(Data supplied Opens)

lemma SCCs_eq_scc_of: "X \<in> SCCs A R \<Longrightarrow> x \<in> X \<Longrightarrow> X = scc_of A R x"
  unfolding SCCs_eq_image_scc_of scc_of_def by (auto intro: rtrancl_trans)

lemma SCCs_subset: "X \<in> SCCs A R \<Longrightarrow> X \<subseteq> A"
  unfolding SCCs_def by auto

lemma SCCs_rtrancl:
  assumes "X \<in> SCCs A R" "x \<in> X" "y \<in> X"
  shows "(x, y) \<in> R\<^sup>*"
proof -
  have "y \<in> scc_of A R x" using SCCs_eq_scc_of[OF assms(1,2)] assms(3) by simp
  then show ?thesis unfolding scc_of_def by simp
qed

lemma SCCs_disjoint:
  assumes "X \<in> SCCs A R" "X' \<in> SCCs A R" "x \<in> X" "x \<in> X'"
  shows "X = X'"
  using SCCs_eq_scc_of[OF assms(1,3)] SCCs_eq_scc_of[OF assms(2,4)] by simp

lemma finite_SCCs_ex_sink:
  assumes "finite \<Phi>" "\<Phi> \<noteq> {}" "\<Phi> \<subseteq> SCCs A R"
  shows "\<exists>X\<in>\<Phi>. \<forall>X'\<in>\<Phi>. \<forall>x\<in>X. \<forall>x'\<in>X'. (x, x') \<in> R \<longrightarrow> X' = X"
proof -
  \<comment> \<open>an SCC with \<open>\<subseteq>\<close>-minimal set of descendants is a sink\<close>
  obtain M where "M \<in> (\<lambda>X. R\<^sup>* `` X) ` \<Phi>" and M: "\<forall>B\<in>(\<lambda>X. R\<^sup>* `` X) ` \<Phi>. B \<subseteq> M \<longrightarrow> M = B"
    using finite_has_minimal[of "(\<lambda>X. R\<^sup>* `` X) ` \<Phi>"] assms(1,2) by blast
  then obtain X where X: "X \<in> \<Phi>" "M = R\<^sup>* `` X" by blast
  have min: "R\<^sup>* `` X = R\<^sup>* `` X'" if "X' \<in> \<Phi>" "R\<^sup>* `` X' \<subseteq> R\<^sup>* `` X" for X'
    using M that X(2) by blast
  have "X' = X" if X': "X' \<in> \<Phi>" and "x \<in> X" "x' \<in> X'" "(x, x') \<in> R" for X' x x'
  proof -
    have SCC: "X \<in> SCCs A R" "X' \<in> SCCs A R"
      using X(1) X' assms(3) by blast+
    have "R\<^sup>* `` X' \<subseteq> R\<^sup>* `` X"
    proof
      fix y assume "y \<in> R\<^sup>* `` X'"
      then obtain x0 where "x0 \<in> X'" "(x0, y) \<in> R\<^sup>*" by blast
      then have "(x, y) \<in> R\<^sup>*"
        using SCCs_rtrancl[OF SCC(2) \<open>x' \<in> X'\<close>] \<open>(x, x') \<in> R\<close> by (meson converse_rtrancl_into_rtrancl rtrancl_trans)
      then show "y \<in> R\<^sup>* `` X" using \<open>x \<in> X\<close> by blast
    qed
    then have "x \<in> R\<^sup>* `` X'"
      using min[OF X'] \<open>x \<in> X\<close> by blast
    then obtain x0 where "x0 \<in> X'" "(x0, x) \<in> R\<^sup>*" by blast
    then have "(x', x) \<in> R\<^sup>*"
      using SCCs_rtrancl[OF SCC(2) \<open>x' \<in> X'\<close>] rtrancl_trans by metis
    moreover have "x' \<in> A"
      using SCCs_subset[OF SCC(2)] \<open>x' \<in> X'\<close> by blast
    ultimately have "x' \<in> scc_of A R x"
      unfolding scc_of_def using \<open>(x, x') \<in> R\<close> by simp
    then show "X' = X"
      using SCCs_eq_scc_of[OF SCC(1) \<open>x \<in> X\<close>] SCCs_disjoint[OF SCC(2,1) \<open>x' \<in> X'\<close>] by simp
  qed
  then show ?thesis using X(1) by blast
qed

locale attack_closed =
  fixes R :: "('a \<times> 'a) set" and U :: "'a set"
  assumes attack_closed: "\<And>a b. (a, b) \<in> R \<Longrightarrow> b \<in> U \<Longrightarrow> a \<in> U"
begin

lemma rtrancl_restrict:
  assumes "(a, b) \<in> R\<^sup>*" "b \<in> U"
  shows "a \<in> U \<and> (a, b) \<in> (R \<inter> (U \<times> U))\<^sup>*"
  using assms
proof (induction rule: converse_rtrancl_induct)
  case (step a c)
  then have "c \<in> U" "(c, b) \<in> (R \<inter> (U \<times> U))\<^sup>*" by simp_all
  moreover have "a \<in> U" using attack_closed[OF \<open>(a, c) \<in> R\<close> \<open>c \<in> U\<close>] .
  ultimately show ?case
    using \<open>(a, c) \<in> R\<close> by (simp add: converse_rtrancl_into_rtrancl)
qed simp

lemma scc_of_restrict:
  assumes "a \<in> U"
  shows "scc_of (A \<inter> U) (R \<inter> (U \<times> U)) a = scc_of A R a"
proof (intro set_eqI iffI)
  fix b assume "b \<in> scc_of (A \<inter> U) (R \<inter> (U \<times> U)) a"
  then have "b \<in> A" "(a, b) \<in> (R \<inter> (U \<times> U))\<^sup>*" "(b, a) \<in> (R \<inter> (U \<times> U))\<^sup>*"
    unfolding scc_of_def by simp_all
  moreover have "(R \<inter> (U \<times> U))\<^sup>* \<subseteq> R\<^sup>*" by (rule rtrancl_mono) blast
  ultimately show "b \<in> scc_of A R a"
    unfolding scc_of_def by (simp add: subset_iff)
next
  fix b assume b: "b \<in> scc_of A R a"
  then have "(b, a) \<in> R\<^sup>*" "(a, b) \<in> R\<^sup>*" "b \<in> A" unfolding scc_of_def by simp_all
  then have "b \<in> U" "(b, a) \<in> (R \<inter> (U \<times> U))\<^sup>*"
    using rtrancl_restrict[OF _ \<open>a \<in> U\<close>] by simp_all
  moreover have "(a, b) \<in> (R \<inter> (U \<times> U))\<^sup>*"
    using rtrancl_restrict[OF \<open>(a, b) \<in> R\<^sup>*\<close> \<open>b \<in> U\<close>] by simp
  ultimately show "b \<in> scc_of (A \<inter> U) (R \<inter> (U \<times> U)) a"
    using \<open>b \<in> A\<close> unfolding scc_of_def by simp
qed

lemma SCCs_subset_or_disjoint:
  assumes "X \<in> SCCs A R"
  shows "X \<subseteq> U \<or> X \<inter> U = {}"
proof (rule disjCI)
  assume "X \<inter> U \<noteq> {}"
  then obtain y where "y \<in> X" "y \<in> U" by blast
  show "X \<subseteq> U"
  proof
    fix x assume "x \<in> X"
    then have "(x, y) \<in> R\<^sup>*" by (rule SCCs_rtrancl[OF \<open>X \<in> SCCs A R\<close> _ \<open>y \<in> X\<close>])
    then show "x \<in> U" using rtrancl_restrict[OF _ \<open>y \<in> U\<close>] by simp
  qed
qed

(Data supplied Closes)

▶ **What to work on**
If "where" is in a line of the listing above, count that line; give the final number and nothing more.

▶ **Task answer**
5